** PROBLEM DETAILS **
Please copy exactly the lines from the top of the data through the line containing "text \<open>The alphabet", and nothing else.

[Stored items]

========================================

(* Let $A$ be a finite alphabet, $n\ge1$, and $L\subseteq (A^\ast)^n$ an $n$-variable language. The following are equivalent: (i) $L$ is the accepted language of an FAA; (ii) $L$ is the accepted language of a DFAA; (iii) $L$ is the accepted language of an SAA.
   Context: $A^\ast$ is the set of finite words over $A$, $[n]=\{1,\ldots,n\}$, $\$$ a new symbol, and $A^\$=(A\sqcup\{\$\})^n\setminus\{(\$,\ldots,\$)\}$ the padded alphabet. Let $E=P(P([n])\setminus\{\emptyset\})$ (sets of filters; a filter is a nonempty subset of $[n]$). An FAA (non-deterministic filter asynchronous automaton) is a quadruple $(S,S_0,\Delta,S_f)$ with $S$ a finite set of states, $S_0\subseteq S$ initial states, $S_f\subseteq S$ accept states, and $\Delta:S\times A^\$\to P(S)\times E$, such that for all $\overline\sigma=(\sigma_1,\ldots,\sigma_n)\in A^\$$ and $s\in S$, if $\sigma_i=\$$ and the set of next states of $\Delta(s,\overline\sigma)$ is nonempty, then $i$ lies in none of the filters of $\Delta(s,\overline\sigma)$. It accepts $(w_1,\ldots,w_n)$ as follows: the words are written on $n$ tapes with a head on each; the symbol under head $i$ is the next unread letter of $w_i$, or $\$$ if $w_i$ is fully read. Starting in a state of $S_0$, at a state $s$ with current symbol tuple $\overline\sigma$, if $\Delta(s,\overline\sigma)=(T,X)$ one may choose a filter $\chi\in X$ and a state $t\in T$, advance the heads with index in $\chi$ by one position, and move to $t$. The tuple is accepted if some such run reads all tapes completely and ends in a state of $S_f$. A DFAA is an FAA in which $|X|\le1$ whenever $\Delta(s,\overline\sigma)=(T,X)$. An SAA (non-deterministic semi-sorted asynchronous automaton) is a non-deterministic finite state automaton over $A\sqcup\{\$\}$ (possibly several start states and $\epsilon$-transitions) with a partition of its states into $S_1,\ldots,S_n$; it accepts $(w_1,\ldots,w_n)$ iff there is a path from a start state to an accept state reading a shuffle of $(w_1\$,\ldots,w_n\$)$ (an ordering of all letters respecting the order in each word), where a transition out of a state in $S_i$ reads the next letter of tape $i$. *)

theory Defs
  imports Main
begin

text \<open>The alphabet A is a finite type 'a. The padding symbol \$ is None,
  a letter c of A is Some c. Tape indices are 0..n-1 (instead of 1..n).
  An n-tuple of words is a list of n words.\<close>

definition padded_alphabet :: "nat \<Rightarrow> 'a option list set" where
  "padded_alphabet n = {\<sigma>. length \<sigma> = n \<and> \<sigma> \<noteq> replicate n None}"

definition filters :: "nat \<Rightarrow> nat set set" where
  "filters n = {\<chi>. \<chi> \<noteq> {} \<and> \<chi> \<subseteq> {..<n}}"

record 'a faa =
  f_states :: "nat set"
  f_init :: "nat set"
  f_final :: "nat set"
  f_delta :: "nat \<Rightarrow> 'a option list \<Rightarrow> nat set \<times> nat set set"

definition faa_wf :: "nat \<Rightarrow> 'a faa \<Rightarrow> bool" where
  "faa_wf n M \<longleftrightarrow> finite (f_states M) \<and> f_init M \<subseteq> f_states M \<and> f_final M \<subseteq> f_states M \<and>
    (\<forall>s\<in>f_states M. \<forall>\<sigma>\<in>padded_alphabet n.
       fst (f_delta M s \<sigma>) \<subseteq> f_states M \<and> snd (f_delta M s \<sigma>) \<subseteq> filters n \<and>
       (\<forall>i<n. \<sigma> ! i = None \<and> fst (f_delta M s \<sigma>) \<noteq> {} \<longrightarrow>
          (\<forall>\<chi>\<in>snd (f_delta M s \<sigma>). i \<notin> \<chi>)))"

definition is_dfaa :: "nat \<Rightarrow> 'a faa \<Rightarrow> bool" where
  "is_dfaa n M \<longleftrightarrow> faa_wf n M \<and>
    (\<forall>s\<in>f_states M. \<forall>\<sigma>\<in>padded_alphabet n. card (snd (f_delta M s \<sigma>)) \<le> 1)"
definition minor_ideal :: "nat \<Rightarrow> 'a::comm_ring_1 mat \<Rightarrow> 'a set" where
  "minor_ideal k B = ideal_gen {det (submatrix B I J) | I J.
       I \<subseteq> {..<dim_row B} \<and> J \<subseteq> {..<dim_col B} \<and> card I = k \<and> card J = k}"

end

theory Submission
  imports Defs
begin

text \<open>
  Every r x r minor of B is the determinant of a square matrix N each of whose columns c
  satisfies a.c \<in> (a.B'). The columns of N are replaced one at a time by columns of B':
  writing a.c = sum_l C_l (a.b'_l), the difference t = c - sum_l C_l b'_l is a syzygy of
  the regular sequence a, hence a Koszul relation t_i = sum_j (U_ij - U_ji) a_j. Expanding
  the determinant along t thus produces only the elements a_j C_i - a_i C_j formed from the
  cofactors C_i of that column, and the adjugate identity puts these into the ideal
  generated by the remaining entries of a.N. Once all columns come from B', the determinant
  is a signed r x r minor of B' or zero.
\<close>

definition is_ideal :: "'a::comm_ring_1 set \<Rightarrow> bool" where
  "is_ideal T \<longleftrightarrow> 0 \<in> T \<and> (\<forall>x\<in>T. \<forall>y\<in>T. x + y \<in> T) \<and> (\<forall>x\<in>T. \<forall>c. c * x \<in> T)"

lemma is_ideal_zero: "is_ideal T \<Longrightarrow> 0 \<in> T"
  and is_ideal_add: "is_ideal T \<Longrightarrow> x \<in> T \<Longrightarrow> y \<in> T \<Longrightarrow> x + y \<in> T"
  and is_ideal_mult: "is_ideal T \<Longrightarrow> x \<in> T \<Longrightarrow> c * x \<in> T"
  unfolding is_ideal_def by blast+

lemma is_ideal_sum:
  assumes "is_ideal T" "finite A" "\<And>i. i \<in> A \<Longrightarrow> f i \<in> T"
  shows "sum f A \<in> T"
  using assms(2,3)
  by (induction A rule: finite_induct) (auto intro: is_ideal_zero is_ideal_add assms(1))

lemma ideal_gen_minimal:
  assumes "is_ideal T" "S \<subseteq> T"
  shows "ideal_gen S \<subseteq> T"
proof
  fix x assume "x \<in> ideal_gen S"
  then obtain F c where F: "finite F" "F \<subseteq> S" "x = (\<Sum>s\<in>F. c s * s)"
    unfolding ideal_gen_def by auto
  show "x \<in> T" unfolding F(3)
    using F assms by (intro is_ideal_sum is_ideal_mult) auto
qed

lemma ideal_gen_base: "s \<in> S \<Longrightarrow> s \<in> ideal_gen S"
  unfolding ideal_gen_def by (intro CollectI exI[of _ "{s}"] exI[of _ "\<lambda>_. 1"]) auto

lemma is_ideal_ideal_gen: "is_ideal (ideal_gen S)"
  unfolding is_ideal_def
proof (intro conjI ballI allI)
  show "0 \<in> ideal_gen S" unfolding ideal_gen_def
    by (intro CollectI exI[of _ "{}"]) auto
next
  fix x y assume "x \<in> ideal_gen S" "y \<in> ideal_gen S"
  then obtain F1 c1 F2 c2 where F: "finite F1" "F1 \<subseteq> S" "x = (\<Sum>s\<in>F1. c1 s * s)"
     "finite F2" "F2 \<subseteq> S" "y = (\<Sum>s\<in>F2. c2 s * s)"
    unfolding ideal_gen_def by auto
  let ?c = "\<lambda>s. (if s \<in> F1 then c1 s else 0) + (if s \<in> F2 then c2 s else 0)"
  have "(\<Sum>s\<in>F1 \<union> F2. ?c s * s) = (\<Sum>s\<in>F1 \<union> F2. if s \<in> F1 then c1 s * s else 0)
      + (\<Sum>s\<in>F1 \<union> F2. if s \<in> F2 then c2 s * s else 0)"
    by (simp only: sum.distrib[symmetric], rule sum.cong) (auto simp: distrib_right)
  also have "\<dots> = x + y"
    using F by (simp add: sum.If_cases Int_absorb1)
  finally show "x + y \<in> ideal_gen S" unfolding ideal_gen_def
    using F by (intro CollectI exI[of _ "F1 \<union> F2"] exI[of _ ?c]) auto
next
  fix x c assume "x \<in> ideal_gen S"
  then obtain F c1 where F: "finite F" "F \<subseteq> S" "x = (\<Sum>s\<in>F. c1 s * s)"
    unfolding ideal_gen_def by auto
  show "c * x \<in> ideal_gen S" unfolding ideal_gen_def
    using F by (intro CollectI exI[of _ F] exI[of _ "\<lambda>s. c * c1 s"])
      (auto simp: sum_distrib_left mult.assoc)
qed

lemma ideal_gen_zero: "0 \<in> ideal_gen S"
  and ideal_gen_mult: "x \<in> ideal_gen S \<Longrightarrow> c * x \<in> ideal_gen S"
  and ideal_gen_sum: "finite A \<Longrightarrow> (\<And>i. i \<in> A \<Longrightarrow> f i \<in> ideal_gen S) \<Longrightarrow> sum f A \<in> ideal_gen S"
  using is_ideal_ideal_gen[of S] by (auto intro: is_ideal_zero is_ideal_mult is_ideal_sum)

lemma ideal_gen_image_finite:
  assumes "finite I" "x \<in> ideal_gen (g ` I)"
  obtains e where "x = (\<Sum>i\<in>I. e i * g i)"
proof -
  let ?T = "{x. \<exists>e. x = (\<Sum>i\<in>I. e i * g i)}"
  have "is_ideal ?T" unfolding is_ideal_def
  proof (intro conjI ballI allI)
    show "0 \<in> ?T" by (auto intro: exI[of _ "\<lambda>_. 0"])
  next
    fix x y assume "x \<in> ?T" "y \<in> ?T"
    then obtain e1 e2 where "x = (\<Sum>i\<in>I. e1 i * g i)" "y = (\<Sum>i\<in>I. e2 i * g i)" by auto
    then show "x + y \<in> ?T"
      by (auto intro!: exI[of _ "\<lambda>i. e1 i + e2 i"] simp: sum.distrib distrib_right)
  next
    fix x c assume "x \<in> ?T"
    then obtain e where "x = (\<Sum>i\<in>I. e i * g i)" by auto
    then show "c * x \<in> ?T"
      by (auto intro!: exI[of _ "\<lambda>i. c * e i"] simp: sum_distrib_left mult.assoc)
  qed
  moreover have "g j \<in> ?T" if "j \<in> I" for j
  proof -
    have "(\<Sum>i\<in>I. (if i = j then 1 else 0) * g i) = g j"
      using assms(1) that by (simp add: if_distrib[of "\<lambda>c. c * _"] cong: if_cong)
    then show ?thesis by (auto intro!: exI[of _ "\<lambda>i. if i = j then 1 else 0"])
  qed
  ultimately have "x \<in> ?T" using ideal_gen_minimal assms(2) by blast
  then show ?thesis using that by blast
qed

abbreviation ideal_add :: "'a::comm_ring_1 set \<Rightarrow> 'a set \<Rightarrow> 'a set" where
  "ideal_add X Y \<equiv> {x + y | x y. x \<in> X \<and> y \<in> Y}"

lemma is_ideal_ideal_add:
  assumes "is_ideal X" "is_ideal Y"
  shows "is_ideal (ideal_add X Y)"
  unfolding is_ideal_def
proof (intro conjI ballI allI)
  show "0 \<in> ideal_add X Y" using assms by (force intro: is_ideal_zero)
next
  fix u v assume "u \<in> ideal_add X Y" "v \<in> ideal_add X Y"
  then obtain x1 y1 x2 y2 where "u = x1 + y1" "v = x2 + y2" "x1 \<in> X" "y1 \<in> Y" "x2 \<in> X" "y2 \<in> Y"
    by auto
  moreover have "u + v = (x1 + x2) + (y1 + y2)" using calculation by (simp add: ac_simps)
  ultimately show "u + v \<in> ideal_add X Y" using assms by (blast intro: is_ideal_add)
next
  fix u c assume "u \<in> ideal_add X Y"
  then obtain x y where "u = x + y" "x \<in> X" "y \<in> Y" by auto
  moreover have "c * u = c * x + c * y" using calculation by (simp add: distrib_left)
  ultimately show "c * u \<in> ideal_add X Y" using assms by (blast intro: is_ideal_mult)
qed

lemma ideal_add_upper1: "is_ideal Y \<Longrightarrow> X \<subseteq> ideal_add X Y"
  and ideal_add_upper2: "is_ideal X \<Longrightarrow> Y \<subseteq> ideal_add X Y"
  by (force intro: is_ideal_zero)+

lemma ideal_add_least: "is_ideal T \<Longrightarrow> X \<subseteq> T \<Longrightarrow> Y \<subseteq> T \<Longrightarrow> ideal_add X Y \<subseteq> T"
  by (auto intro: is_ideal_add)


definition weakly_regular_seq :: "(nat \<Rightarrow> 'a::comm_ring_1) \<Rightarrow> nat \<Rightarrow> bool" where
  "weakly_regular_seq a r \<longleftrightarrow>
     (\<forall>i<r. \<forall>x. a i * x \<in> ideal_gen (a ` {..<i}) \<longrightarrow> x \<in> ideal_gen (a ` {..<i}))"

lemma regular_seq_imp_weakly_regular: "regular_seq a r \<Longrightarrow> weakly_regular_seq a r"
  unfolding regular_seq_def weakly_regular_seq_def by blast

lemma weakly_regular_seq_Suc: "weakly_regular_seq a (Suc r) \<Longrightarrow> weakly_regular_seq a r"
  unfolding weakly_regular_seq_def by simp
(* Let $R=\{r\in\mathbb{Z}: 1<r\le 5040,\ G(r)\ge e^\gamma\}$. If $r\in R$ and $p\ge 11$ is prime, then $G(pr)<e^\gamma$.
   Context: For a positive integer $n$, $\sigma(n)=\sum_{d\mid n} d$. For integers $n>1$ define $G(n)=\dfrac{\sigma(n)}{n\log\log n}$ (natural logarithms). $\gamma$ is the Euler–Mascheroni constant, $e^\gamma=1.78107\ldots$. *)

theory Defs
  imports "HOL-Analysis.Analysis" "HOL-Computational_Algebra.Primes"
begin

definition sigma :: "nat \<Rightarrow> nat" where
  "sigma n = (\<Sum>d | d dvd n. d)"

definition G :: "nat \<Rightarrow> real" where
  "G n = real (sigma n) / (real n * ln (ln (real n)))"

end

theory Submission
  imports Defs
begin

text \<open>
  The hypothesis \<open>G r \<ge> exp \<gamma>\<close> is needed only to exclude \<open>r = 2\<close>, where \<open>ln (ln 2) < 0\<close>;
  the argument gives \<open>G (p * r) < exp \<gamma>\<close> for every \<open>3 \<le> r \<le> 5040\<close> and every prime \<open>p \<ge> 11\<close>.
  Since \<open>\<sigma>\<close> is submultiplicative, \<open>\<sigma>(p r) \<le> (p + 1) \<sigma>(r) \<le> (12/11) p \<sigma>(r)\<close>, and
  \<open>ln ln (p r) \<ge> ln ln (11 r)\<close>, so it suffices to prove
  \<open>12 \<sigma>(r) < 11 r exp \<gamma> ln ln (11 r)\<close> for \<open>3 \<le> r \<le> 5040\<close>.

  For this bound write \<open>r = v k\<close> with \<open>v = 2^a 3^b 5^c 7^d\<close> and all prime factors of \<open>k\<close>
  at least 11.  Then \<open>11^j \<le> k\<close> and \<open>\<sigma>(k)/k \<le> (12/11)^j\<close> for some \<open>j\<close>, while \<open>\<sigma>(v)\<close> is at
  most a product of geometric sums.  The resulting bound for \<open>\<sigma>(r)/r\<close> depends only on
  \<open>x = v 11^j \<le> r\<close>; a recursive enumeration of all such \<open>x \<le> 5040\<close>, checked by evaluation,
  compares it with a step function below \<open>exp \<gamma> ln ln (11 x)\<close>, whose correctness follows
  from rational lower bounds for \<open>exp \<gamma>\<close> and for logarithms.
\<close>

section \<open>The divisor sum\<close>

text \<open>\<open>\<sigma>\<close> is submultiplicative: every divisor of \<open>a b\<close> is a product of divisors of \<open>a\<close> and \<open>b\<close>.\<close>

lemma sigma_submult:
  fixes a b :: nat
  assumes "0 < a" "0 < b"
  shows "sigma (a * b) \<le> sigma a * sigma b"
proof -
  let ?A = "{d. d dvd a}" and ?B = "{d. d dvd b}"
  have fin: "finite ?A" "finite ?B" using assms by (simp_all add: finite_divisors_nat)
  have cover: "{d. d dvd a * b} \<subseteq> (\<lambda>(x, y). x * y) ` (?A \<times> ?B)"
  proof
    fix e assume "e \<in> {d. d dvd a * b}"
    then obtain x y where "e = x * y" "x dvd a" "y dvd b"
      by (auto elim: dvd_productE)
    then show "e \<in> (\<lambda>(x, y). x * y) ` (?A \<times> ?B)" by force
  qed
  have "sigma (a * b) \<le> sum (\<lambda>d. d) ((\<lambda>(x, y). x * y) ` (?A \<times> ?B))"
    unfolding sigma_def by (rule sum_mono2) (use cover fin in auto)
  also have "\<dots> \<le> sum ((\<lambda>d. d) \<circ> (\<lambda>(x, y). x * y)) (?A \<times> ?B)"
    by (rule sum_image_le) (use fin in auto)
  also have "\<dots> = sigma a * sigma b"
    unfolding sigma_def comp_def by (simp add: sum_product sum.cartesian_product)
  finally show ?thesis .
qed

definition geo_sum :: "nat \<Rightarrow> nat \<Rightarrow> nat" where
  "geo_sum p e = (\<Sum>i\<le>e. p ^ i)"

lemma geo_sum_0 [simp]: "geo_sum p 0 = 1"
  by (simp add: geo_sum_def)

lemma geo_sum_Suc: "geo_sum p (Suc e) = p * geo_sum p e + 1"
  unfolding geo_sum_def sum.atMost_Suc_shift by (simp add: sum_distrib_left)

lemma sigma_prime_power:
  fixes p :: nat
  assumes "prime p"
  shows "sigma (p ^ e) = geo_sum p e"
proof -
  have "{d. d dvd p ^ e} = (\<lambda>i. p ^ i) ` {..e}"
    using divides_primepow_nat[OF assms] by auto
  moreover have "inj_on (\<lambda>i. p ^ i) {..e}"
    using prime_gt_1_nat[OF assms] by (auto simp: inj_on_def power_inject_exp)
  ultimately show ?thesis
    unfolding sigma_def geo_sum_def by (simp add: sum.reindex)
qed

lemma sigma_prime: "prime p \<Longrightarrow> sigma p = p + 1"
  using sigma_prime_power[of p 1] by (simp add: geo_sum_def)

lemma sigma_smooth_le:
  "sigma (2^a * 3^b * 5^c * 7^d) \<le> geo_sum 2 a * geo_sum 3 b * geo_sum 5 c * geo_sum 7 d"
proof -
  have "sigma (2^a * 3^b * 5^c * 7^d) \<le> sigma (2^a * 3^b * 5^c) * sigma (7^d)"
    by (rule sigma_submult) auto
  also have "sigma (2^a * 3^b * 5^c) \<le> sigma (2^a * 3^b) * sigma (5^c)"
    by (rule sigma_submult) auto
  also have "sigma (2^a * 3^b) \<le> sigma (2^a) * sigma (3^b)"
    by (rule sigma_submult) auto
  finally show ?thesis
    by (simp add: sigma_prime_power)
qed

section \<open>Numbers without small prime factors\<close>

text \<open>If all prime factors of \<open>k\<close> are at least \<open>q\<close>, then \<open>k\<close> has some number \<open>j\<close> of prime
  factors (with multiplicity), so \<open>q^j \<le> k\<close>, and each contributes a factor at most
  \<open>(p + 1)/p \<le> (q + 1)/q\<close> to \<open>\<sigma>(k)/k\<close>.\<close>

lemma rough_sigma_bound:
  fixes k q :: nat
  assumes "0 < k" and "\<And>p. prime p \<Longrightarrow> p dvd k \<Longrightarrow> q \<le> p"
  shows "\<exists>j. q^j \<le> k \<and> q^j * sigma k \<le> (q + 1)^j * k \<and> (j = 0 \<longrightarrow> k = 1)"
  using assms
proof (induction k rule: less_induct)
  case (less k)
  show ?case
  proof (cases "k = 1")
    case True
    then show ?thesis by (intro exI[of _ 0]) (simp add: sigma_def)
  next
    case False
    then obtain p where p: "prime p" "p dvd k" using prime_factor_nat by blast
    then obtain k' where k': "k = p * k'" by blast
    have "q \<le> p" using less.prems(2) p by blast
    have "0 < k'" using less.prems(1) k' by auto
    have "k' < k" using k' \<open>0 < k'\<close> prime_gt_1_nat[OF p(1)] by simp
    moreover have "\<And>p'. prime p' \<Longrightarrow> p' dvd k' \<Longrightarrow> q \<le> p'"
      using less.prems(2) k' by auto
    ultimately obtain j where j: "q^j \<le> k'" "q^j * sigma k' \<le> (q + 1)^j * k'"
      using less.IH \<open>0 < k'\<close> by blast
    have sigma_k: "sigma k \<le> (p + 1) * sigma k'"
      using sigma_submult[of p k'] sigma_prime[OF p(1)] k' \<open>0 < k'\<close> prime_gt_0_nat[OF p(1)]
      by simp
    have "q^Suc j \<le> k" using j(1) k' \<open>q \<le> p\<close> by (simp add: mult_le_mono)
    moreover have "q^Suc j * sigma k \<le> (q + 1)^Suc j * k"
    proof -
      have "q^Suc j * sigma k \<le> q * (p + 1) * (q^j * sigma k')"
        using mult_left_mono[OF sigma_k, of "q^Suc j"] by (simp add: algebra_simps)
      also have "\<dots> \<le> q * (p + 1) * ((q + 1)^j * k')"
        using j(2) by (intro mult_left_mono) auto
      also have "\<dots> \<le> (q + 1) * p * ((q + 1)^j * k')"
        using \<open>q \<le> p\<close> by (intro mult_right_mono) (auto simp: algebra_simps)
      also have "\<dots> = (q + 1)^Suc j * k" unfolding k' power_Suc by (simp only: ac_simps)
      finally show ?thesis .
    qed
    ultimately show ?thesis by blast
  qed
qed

========================================

** ANSWER SPACE **
(* Let $A$ be a finite alphabet, $n\ge1$, and $L\subseteq (A^\ast)^n$ an $n$-variable language. The following are equivalent: (i) $L$ is the accepted language of an FAA; (ii) $L$ is the accepted language of a DFAA; (iii) $L$ is the accepted language of an SAA.
   Context: $A^\ast$ is the set of finite words over $A$, $[n]=\{1,\ldots,n\}$, $\$$ a new symbol, and $A^\$=(A\sqcup\{\$\})^n\setminus\{(\$,\ldots,\$)\}$ the padded alphabet. Let $E=P(P([n])\setminus\{\emptyset\})$ (sets of filters; a filter is a nonempty subset of $[n]$). An FAA (non-deterministic filter asynchronous automaton) is a quadruple $(S,S_0,\Delta,S_f)$ with $S$ a finite set of states, $S_0\subseteq S$ initial states, $S_f\subseteq S$ accept states, and $\Delta:S\times A^\$\to P(S)\times E$, such that for all $\overline\sigma=(\sigma_1,\ldots,\sigma_n)\in A^\$$ and $s\in S$, if $\sigma_i=\$$ and the set of next states of $\Delta(s,\overline\sigma)$ is nonempty, then $i$ lies in none of the filters of $\Delta(s,\overline\sigma)$. It accepts $(w_1,\ldots,w_n)$ as follows: the words are written on $n$ tapes with a head on each; the symbol under head $i$ is the next unread letter of $w_i$, or $\$$ if $w_i$ is fully read. Starting in a state of $S_0$, at a state $s$ with current symbol tuple $\overline\sigma$, if $\Delta(s,\overline\sigma)=(T,X)$ one may choose a filter $\chi\in X$ and a state $t\in T$, advance the heads with index in $\chi$ by one position, and move to $t$. The tuple is accepted if some such run reads all tapes completely and ends in a state of $S_f$. A DFAA is an FAA in which $|X|\le1$ whenever $\Delta(s,\overline\sigma)=(T,X)$. An SAA (non-deterministic semi-sorted asynchronous automaton) is a non-deterministic finite state automaton over $A\sqcup\{\$\}$ (possibly several start states and $\epsilon$-transitions) with a partition of its states into $S_1,\ldots,S_n$; it accepts $(w_1,\ldots,w_n)$ iff there is a path from a start state to an accept state reading a shuffle of $(w_1\$,\ldots,w_n\$)$ (an ordering of all letters respecting the order in each word), where a transition out of a state in $S_i$ reads the next letter of tape $i$. *)

theory Defs
  imports Main
begin

text \<open>The alphabet A is a finite type 'a. The padding symbol \$ is None,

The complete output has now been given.